> [YOUR INSTRUCTIONS] Your task is to repeat the entries exactly from their first line through the line with "w *\<^sub>v Matrix.vec", and to stop there.
======== MATERIAL SHOWN
lemma hankel_mat_kernel_poly_eq_0:
  fixes w :: "nat \<Rightarrow> 'a::idom"
  assumes w: "\<forall>k. w k = (\<Sum>l<N. c l * x l ^ k)" and inj: "inj_on x {..<N}"
    and c: "\<forall>l<N. c l \<noteq> 0" and deg: "degree P < N"
    and kernel: "hankel_mat N w *\<^sub>v Matrix.vec N (coeff P) = 0\<^sub>v N"
  shows "P = 0"
proof (rule ccontr)
  assume "P \<noteq> 0"
  have "(\<Sum>l<N. (c l * poly P (x l)) * x l ^ i) = 0" if "i < N" for i
    using hankel_mat_mult_coeffs[OF w deg that] kernel that by simp
  then have "c l * poly P (x l) = 0" if "l < N" for l
    using vandermonde_system_trivial[OF inj _ that, of "\<lambda>l. c l * poly P (x l)"] by blast
  with c have roots: "x ` {..<N} \<subseteq> {y. poly P y = 0}" by auto
  have "N = card (x ` {..<N})" using card_image[OF inj] by simp
  also have "\<dots> \<le> card {y. poly P y = 0}"
    by (rule card_mono[OF poly_roots_finite[OF \<open>P \<noteq> 0\<close>] roots])
  also have "\<dots> \<le> degree P" by (rule card_poly_roots_bound[OF \<open>P \<noteq> 0\<close>])
  finally show False using deg by simp
qed

lemma det_hankel_mat_neq_0:
  fixes w :: "nat \<Rightarrow> 'a::idom"
  assumes w: "\<forall>k. w k = (\<Sum>l<N. c l * x l ^ k)" and inj: "inj_on x {..<N}"
    and c: "\<forall>l<N. c l \<noteq> 0"
  shows "det (hankel_mat N w) \<noteq> 0"
proof
  assume "det (hankel_mat N w) = 0"
  then obtain v where v: "v \<in> carrier_vec N" "v \<noteq> 0\<^sub>v N" "hankel_mat N w *\<^sub>v v = 0\<^sub>v N"
    using det_0_iff_vec_prod_zero[OF hankel_mat_carrier, THEN iffD1] by blast
  define P where "P = (\<Sum>j<N. monom (v $ j) j)"
  have "N > 0" using v(1,2) by (cases N) auto
  moreover have "degree P \<le> N - 1"
    unfolding P_def by (intro degree_sum_le) (auto intro: order.trans[OF degree_monom_le])
  ultimately have deg: "degree P < N" by simp
  have v_eq: "v = Matrix.vec N (coeff P)"
    using v(1) by (intro eq_vecI) (auto simp: P_def coeff_sum coeff_monom)
  with v(3) have "P = 0" by (intro hankel_mat_kernel_poly_eq_0[OF w inj c deg]) simp
  then have "v = 0\<^sub>v N" using v(1) v_eq by (intro eq_vecI) auto
  with v(2) show False by contradiction
qed

section \<open>Traces of powers as power sums\<close>

definition mat_trace :: "'a::comm_ring_1 mat \<Rightarrow> 'a" where
  "mat_trace A = (\<Sum>i<dim_row A. A $$ (i, i))"

lemma mat_trace_mult_comm:
  assumes "A \<in> carrier_mat n m" "B \<in> carrier_mat m n"
  shows "mat_trace (A * B) = mat_trace (B * A)"
proof -
  have "mat_trace (A * B) = (\<Sum>i<n. \<Sum>j<m. A $$ (i, j) * B $$ (j, i))"
    using assms by (simp add: mat_trace_def scalar_prod_def atLeast0LessThan)
  also have "\<dots> = (\<Sum>j<m. \<Sum>i<n. B $$ (j, i) * A $$ (i, j))"
    by (subst sum.swap) (simp add: mult.commute)
  also have "\<dots> = mat_trace (B * A)"
    using assms by (simp add: mat_trace_def scalar_prod_def atLeast0LessThan)
  finally show ?thesis .
qed

lemma upper_triangular_mult:
  assumes "X \<in> carrier_mat n n" "Y \<in> carrier_mat n n" "upper_triangular X" "upper_triangular Y"
  shows "upper_triangular (X * Y)"
proof
  fix i j assume ij: "j < i" "i < dim_row (X * Y)"
  have "X $$ (i, l) * Y $$ (l, j) = 0" if "l < n" for l
  proof (cases "l < i")
    case True
    then show ?thesis using assms ij upper_triangularD[OF assms(3), of l i] by simp
  next
    case False
    then show ?thesis using assms ij that upper_triangularD[OF assms(4), of j l] by simp
  qed
  then show "(X * Y) $$ (i, j) = 0"
    using assms ij by (simp add: scalar_prod_def)
qed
================
> [ANSWER FOR THIS EXERCISE]
lemma hankel_mat_kernel_poly_eq_0:
  fixes w :: "nat \<Rightarrow> 'a::idom"
  assumes w: "\<forall>k. w k = (\<Sum>l<N. c l * x l ^ k)" and inj: "inj_on x {..<N}"
    and c: "\<forall>l<N. c l \<noteq> 0" and deg: "degree P < N"
    and kernel: "hankel_mat N w *\<^sub>v Matrix.vec N (coeff P) = 0\<^sub>v N"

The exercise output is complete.